Institute of Gender in Medicine, Charité-Universitätsmedizin Berlin, Berlin, Germany.
Biomed Res Int. 2013;2013:108475. doi: 10.1155/2013/108475. Epub 2013 Jul 8.
Incomplete revascularization negatively affects survival after coronary artery bypass surgery (CABG). Since gender and classification technique might impact outcome and reporting, we investigated their effect on revascularization patterns and mortality.
A cohort of bypass patients (N = 1545, 23% women) was enrolled prospectively. The degree of revascularization was determined as mathematical difference between affected vessels upon diagnosis and number of grafts or the surgeon's rating on the case file.

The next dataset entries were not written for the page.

(* Assume (A1)–(A2) and $N\geq \max\{1,\|f\|_\infty/2\}$, and let $v_n^h$ ($n\ge0$) be the functions produced by the semi-discrete policy iteration described in the context. Then for all $n\geq 0$, $v_{n+1}^h\leq v_n^h$ in $[0,T]\times\mathbb{R}^d$.
   Context: Let $d,m\ge1$, $T\ge 1$, $A\subset\mathbb{R}^m$ compact, $c:[0,T]\times\mathbb{R}^d\times A\to\mathbb{R}$, $f:[0,T]\times\mathbb{R}^d\times A\to\mathbb{R}^d$, $q:\mathbb{R}^d\to\mathbb{R}$. Let $\alpha(t,x,p)=\operatorname{argmin}_{a\in A}[c(t,x,a)+p\cdot f(t,x,a)]$, assumed to be the unique minimizer. Assumptions: (A1) $c,f,q$ are uniformly bounded and Lipschitz continuous in all their variables; (A2) $\alpha(\cdot,\cdot,\cdot)$ and a given continuous initial policy $\alpha_0:\mathbb{R}\times\mathbb{R}^d\to A$ are uniformly Lipschitz continuous in all their variables. For $\varphi:\mathbb{R}^d\to\mathbb{R}$, $h\in(0,1)$: $\nabla^h\varphi(x)=\big(\frac{\varphi(x+he_i)-\varphi(x-he_i)}{2h}\big)_{i=1}^d$, $\Delta^h\varphi(x)=\sum_{i=1}^d\frac{\varphi(x+he_i)-2\varphi(x)+\varphi(x-he_i)}{h^2}$ (acting in $x$). Semi-discrete policy iteration: for $n=0,1,\dots$, $v_n^h$ is the bounded Lipschitz solution of $\partial_t v_n^h+c(t,x,\alpha_n(t,x))+\nabla^h v_n^h\cdot f(t,x,\alpha_n(t,x))=-Nh\Delta^h v_n^h$ in $(0,T)\times\mathbb{R}^d$, $v_n^h(T,x)=q(x)$, and then $\alpha_{n+1}(t,x)=\alpha(t,x,\nabla^h v_n^h(t,x))$. *)

theory Defs
  imports "HOL-Analysis.Analysis"
begin

definition disc_grad :: "real \<Rightarrow> (real^'d \<Rightarrow> real) \<Rightarrow> real^'d \<Rightarrow> real^'d" where
  "disc_grad h \<phi> x = (\<chi> i. (\<phi> (x + h *\<^sub>R axis i 1) - \<phi> (x - h *\<^sub>R axis i 1)) / (2 * h))"

definition disc_lap :: "real \<Rightarrow> (real^'d \<Rightarrow> real) \<Rightarrow> real^'d \<Rightarrow> real" where
  "disc_lap h \<phi> x = (\<Sum>i\<in>UNIV. (\<phi> (x + h *\<^sub>R axis i 1) - 2 * \<phi> x + \<phi> (x - h *\<^sub>R axis i 1)) / h\<^sup>2)"

end

theory Submission
  imports Defs
begin

text \<open>Let \<open>w = v\<^sub>n\<^sub>+\<^sub>1 - v\<^sub>n\<close>. Since \<open>\<alpha>\<^sub>n\<^sub>+\<^sub>1\<close> minimises the Hamiltonian for \<open>\<nabla>\<^sup>h v\<^sub>n\<close>, subtracting the two
  equations shows that \<open>-\<partial>\<^sub>t w\<close> is bounded above by \<open>N h \<Delta>\<^sup>h w + \<nabla>\<^sup>h w \<cdot> b\<close> with \<open>b = f(\<alpha>\<^sub>n\<^sub>+\<^sub>1)\<close>.
  For \<open>N \<ge> |b|/2\<close> this is a nonnegative combination of the increments \<open>w(x \<plusminus> h e\<^sub>i) - w(x)\<close>,
  so it is \<open>\<le> 0\<close> wherever \<open>w(t,\<cdot>)\<close> attains its maximum. As the maximum need not be attained
  on \<open>\<real>\<^sup>d\<close>, the resulting maximum principle is proved backward in time in steps so short that,
  by the time-Lipschitz bound, the increments stay uniformly small along each step; an
  \<open>\<epsilon>\<close>-perturbation makes the inequalities strict.\<close>

lemma disc_lap_diff: "disc_lap h (\<lambda>y. u y - w y) x = disc_lap h u x - disc_lap h w x"
  unfolding disc_lap_def
  by (simp add: sum_subtractf[symmetric] diff_divide_distrib[symmetric] algebra_simps)

lemma disc_grad_diff: "disc_grad h (\<lambda>y. u y - w y) x = disc_grad h u x - disc_grad h w x"
  unfolding disc_grad_def by (simp add: vec_eq_iff diff_divide_distrib[symmetric] algebra_simps)

lemma disc_generator_eq_sum:
  fixes w :: "real^'d \<Rightarrow> real"
  assumes "h \<noteq> 0"
  shows "N * h * disc_lap h w x + disc_grad h w x \<bullet> b =
    (\<Sum>i\<in>UNIV. (N/h + b$i/(2*h)) * (w (x + h *\<^sub>R axis i 1) - w x)
             + (N/h - b$i/(2*h)) * (w (x - h *\<^sub>R axis i 1) - w x))"
  unfolding disc_lap_def disc_grad_def inner_vec_def
  using assms by (simp add: sum_distrib_left sum.distrib[symmetric] power2_eq_square,
      intro sum.cong refl, simp add: field_simps)

lemma disc_generator_le:
  fixes w :: "real^'d \<Rightarrow> real"
  assumes h: "h > 0" and b: "\<And>i. \<bar>b$i\<bar> \<le> 2 * N"
    and plus: "\<And>i. w (x + h *\<^sub>R axis i 1) - w x \<le> D"
    and minus: "\<And>i. w (x - h *\<^sub>R axis i 1) - w x \<le> D"
  shows "N * h * disc_lap h w x + disc_grad h w x \<bullet> b \<le> real CARD('d) * (2 * N / h) * D"
proof -
  have "(N/h + b$i/(2*h)) * (w (x + h *\<^sub>R axis i 1) - w x)
      + (N/h - b$i/(2*h)) * (w (x - h *\<^sub>R axis i 1) - w x) \<le> 2 * N / h * D" for i
  proof -
    have "N/h + b$i/(2*h) \<ge> 0" "N/h - b$i/(2*h) \<ge> 0"
      using b[of i] h by (auto simp: field_simps abs_le_iff)
    then have "(N/h + b$i/(2*h)) * (w (x + h *\<^sub>R axis i 1) - w x)
        + (N/h - b$i/(2*h)) * (w (x - h *\<^sub>R axis i 1) - w x)
        \<le> (N/h + b$i/(2*h)) * D + (N/h - b$i/(2*h)) * D"
      using plus[of i] minus[of i] by (intro add_mono mult_left_mono)
    then show ?thesis by (simp add: field_simps)
  qed
  then have "(\<Sum>i\<in>UNIV. (N/h + b$i/(2*h)) * (w (x + h *\<^sub>R axis i 1) - w x)
      + (N/h - b$i/(2*h)) * (w (x - h *\<^sub>R axis i 1) - w x)) \<le> (\<Sum>i\<in>(UNIV::'d set). 2 * N / h * D)"
    by (rule sum_mono)
  then show ?thesis using disc_generator_eq_sum[of h N w x b] h by simp
qed

lemma policy_improvement_rhs_diff_ge:
  fixes u v :: "real^'d \<Rightarrow> real" and b b' :: "real^'d"
  assumes h: "h > 0" and b: "\<And>i. \<bar>b$i\<bar> \<le> 2 * N"
    and improve: "c + disc_grad h v x \<bullet> b \<le> c' + disc_grad h v x \<bullet> b'"
    and increments: "\<And>y. u y - v y \<le> u x - v x + D"
  shows "(- N * h * disc_lap h u x - c - disc_grad h u x \<bullet> b)
      - (- N * h * disc_lap h v x - c' - disc_grad h v x \<bullet> b')
      \<ge> - (real CARD('d) * (2 * N / h)) * D"
proof -
  have "N * h * disc_lap h (\<lambda>y. u y - v y) x + disc_grad h (\<lambda>y. u y - v y) x \<bullet> b
      \<le> real CARD('d) * (2 * N / h) * D"
    by (rule disc_generator_le[OF h b]) (smt (verit) increments)+
  then show ?thesis
    using improve by (simp add: disc_lap_diff disc_grad_diff algebra_simps)
qed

Although men displayed more triple-vessel disease, they obtained complete revascularization more frequently than women (85% versus 77%, P < 0.001). The two calculation methods identified analogous percentages of incompletely revascularized patients, yet there was only a 50% overlap between the two groups. Mathematically, more women, older patients, and patients with NYHA class III/IV appeared incompletely revascularized, while the surgeons identified more patients undergoing technically challenging procedures. Regardless of the definition, incompleteness was a significant risk factor for mortality in both genders (mathematical calculation: HR 2.62, 95% CI 1.76-3.89, P < 0.001; surgeon: HR 2.04, 95% CI 1.35-3.89, P = 0.001).
Given the differences in identification patterns, we advise that the mathematical calculation be performed after-procedure in all patients regardless of the surgeons' rating to uncover additional subjects at increased risk.
在冠状动脉旁路移植术(CABG)后,不完全血运重建会对患者的生存产生负面影响。由于性别和分类技术可能会影响结果和报告,我们研究了它们对血运重建模式和死亡率的影响。
前瞻性地纳入了一组旁路患者(N=1545 例,23%为女性)。血运重建程度通过诊断时受影响的血管数量与移植血管数量之间的数学差异或外科医生在病历上的评分来确定。
尽管男性表现出更多的三支血管病变,但他们比女性更常获得完全血运重建(85% vs. 77%,P<0.001)。两种计算方法确定了类似的不完全血运重建患者比例,但两组之间只有 50%的重叠。从数学角度来看,更多的女性、年龄较大的患者和 NYHA 心功能分级 III/IV 的患者似乎存在不完全血运重建,而外科医生则识别出更多接受技术挑战性手术的患者。无论采用哪种定义,不完全血运重建都是两种性别患者死亡的显著危险因素(数学计算:HR 2.62,95%CI 1.76-3.89,P<0.001;外科医生评估:HR 2.04,95%CI 1.35-3.89,P=0.001)。
鉴于识别模式的差异,我们建议在所有患者中,无论外科医生的评分如何,都应在术后进行数学计算,以发现更多处于高风险的患者。